Ask HN: Cancelling a homework code test? - niceguyniceguy

I recently received a code test as part of the interview process.  My impression of the assignment is that my work, verbatim or modified, could be used part of their production work.  Moreover, the assignment was completely irrelevant to the role that I was applying.<p>I had a feeling that the company wanted me to do unpaid work; it is not clear whether the company actually wanted to hire me.  I politely told the company in the middle of the assignment that I wish to stop the interview process.<p>The company seems to be upset.  Was there something that I could have done differently?<p>Edit: I wanted to clarify that the company pushed for the coding work despite my previous objection that their interview questions were irrelevant to my experience and role applied (and the company seems to admit the irrelevance).
======
viraptor
You could tell them exactly what you wrote here and see what happens.
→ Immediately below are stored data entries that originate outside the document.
lemma inj_on_flag_succ: "inj_on flag_succ {y. has_flag_succ y}"
proof (rule inj_onI)
  fix y z assume "y \<in> {y. has_flag_succ y}" "z \<in> {y. has_flag_succ y}" and eq: "flag_succ y = flag_succ z"
  then have sy: "has_flag_succ y" and sz: "has_flag_succ z" by simp_all
  then have y: "flag y" and z: "flag z" unfolding has_flag_succ_def by simp_all
  have "sgnto g y n = sgnto g z n" using sgnto_flag_succ[OF sy] sgnto_flag_succ[OF sz] eq by simp
  then have level: "swap_level y = swap_level z"
    using ll_set_flag_succ[OF sy] ll_set_flag_succ[OF sz] eq unfolding swap_level_def by metis
  define j where "j = swap_level y"
  define w where "w = flag_succ y"
  have j: "j < n" using swap_level_less[OF sy] j_def by simp
  have wy: "w = y[j := partner y j]" unfolding w_def flag_succ_def j_def ..
  have wz: "w = z[j := partner z j]" using eq level unfolding w_def flag_succ_def j_def by simp
  have py: "flag_partner y j (partner y j)" and pz: "flag_partner z j (partner z j)"
    using flag_partner_swap_level[OF sy] flag_partner_swap_level[OF sz] level j_def by simp_all
  have "flag_partner w j (y ! j)" using flag_partner_swap_back[OF y j py] wy by simp
  moreover have "flag_partner w j (z ! j)" using flag_partner_swap_back[OF z j pz] wz by simp
  ultimately have "y ! j = z ! j" using ex1_flag_partner[OF flag_flag_succ[OF sy] j] w_def by blast
  then show "y = z" using wy wz by (metis list_update_id list_update_overwrite)
qed

lemma no_flag_succ_targets:
  assumes y: "flag y" and no_succ: "\<not> has_flag_succ y" and i: "0 < i" "i < n"
  shows "y ! i = g (y ! Suc i)"
proof -
  have "i - 1 \<notin> ll_set d n y" using no_succ y unfolding has_flag_succ_def by simp
  then have "y ! i \<notin> d (y ! Suc i)" using i unfolding ll_set_def by simp
  then show ?thesis using flag_bd[OF y, of i] i unfolding bd_def by blast
qed

lemma no_flag_succ_bottom:
  assumes y: "flag y" and no_succ: "\<not> has_flag_succ y"
  shows "y ! 0 \<noteq> g (y ! 1)"
proof -
  have "sgnto g y k = sgnto g y 1" if "1 \<le> k" "k \<le> n" for k
    using that
  proof (induction k rule: dec_induct)
    case (step k)
    then show ?case using no_flag_succ_targets[OF y no_succ, of k] by simp
  qed simp
  then have "sgnto g y 1 = sgnto g y n" using dim_pos by simp
  also have "\<dots> \<noteq> 1" using y no_succ unfolding has_flag_succ_def by simp
  finally show ?thesis by auto
qed

lemma flag_no_succ_unique:
  assumes y: "flag y" and z: "flag z" and ny: "\<not> has_flag_succ y" and nz: "\<not> has_flag_succ z"
  shows "y = z"
proof -
  have upper_levels: "y ! i = z ! i" if "0 < i" "i \<le> n" for i
    using that(2)
  proof (induction i rule: inc_induct)
    case base
    show ?case using flag_top y z by simp
  next
    case (step k)
    then show ?case
      using no_flag_succ_targets[OF y ny, of k] no_flag_succ_targets[OF z nz, of k] that(1) by simp
  qed
  have "y ! 0 \<in> bd g d (y ! 1)" "z ! 0 \<in> bd g d (z ! 1)"
    using flag_bd y z dim_pos by auto
  moreover obtain v where "d (y ! 1) = {v}" using edge_single_source flag_face[OF y, of 1] dim_pos by auto
  moreover have "y ! 1 = z ! 1" using upper_levels dim_pos by simp
  ultimately have "y ! 0 = z ! 0"
    using no_flag_succ_bottom[OF y ny] no_flag_succ_bottom[OF z nz] unfolding bd_def by auto
  then have "y ! i = z ! i" if "i < Suc n" for i
    using upper_levels that by (cases i) auto
  then show ?thesis using flag_length y z by (intro nth_equalityI) auto
qed
theorem theorem2p24:
  fixes X :: param and G G' :: "nat graph" and phit :: "nat set \<Rightarrow> nat set"
  assumes "robust_param X"
    and "wf_graph G" and "wf_graph G'"
    and "graph_iso phit (TAR X G) (TAR X G')"
    and "Xnum X K1 = 0 \<or> (no_isolated G \<and> no_isolated G')"
  shows "X_irrelevant X G' (verts G' - phit (verts G)) \<and>
         graph_iso (nu (verts G' - phit (verts G)) \<circ> phit) (TAR X G) (TAR X G') \<and>
         (nu (verts G' - phit (verts G)) \<circ> phit) (verts G) = verts G' \<and>
         (\<forall>S\<in>X G. card ((nu (verts G' - phit (verts G)) \<circ> phit) S) = card S)"
proof -
  from assms(4) have bij: "bij_betw phit (X G) (X G')"
    and dist_one: "\<forall>S\<in>X G. \<forall>T\<in>X G.
      card (symdiff S T) = 1 \<longleftrightarrow> card (symdiff (phit S) (phit T)) = 1"
    by (simp_all add: graph_iso_TAR_iff)
  have "Xnum X K1 = 0 \<or> no_isolated G" "Xnum X K1 = 0 \<or> no_isolated G'" using assms(5) by blast+
  with assms(1-3) bij dist_one interpret coatom_family_iso "verts G" "X G" "verts G'" "X G'" phit
    by (simp add: coatom_family_iso_def coatom_family_iso_axioms_def coatom_family_Xsets)
  have "nu (verts G' - phit (verts G)) \<circ> phit = flip"
    by (simp add: fun_eq_iff nu_def flip_def)
  moreover have "X_irrelevant X G' (verts G' - phit (verts G))"
    by (rule X_irrelevantI) (rule remove_outside_image_mem)
  moreover have "graph_iso flip (TAR X G) (TAR X G')"
    using bij_betw_flip card_symdiff_flip by (simp add: graph_iso_TAR_iff)
  ultimately show ?thesis using flip_top card_flip by simp
qed

end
There's
a chance that your test was going to be used as work. There's also a chance
that it was: (I've given people both)

\- something that was already solved, so that they could compare with existing
approach

\- some realistic task which wasn't exactly what you're going to work on, so
that you don't think they're going to use it

Ultimately it's down to the communication between you and the company. And
trust.

------
Paulods
I assume that you could have asked how this was relevant to your
position/future work, what they were evaluating with it, and if they could do
something different that might not be so closely linked with the product.

However that said i have done work recently (10 hours) that was a task set out
to solve an issue on the product - something that could 100% go into
production but actually is very relevant to the position and skills i need to
demonstrate. They are also of a size & expertise that makes me worry less
about them just making me do it for un-paid work.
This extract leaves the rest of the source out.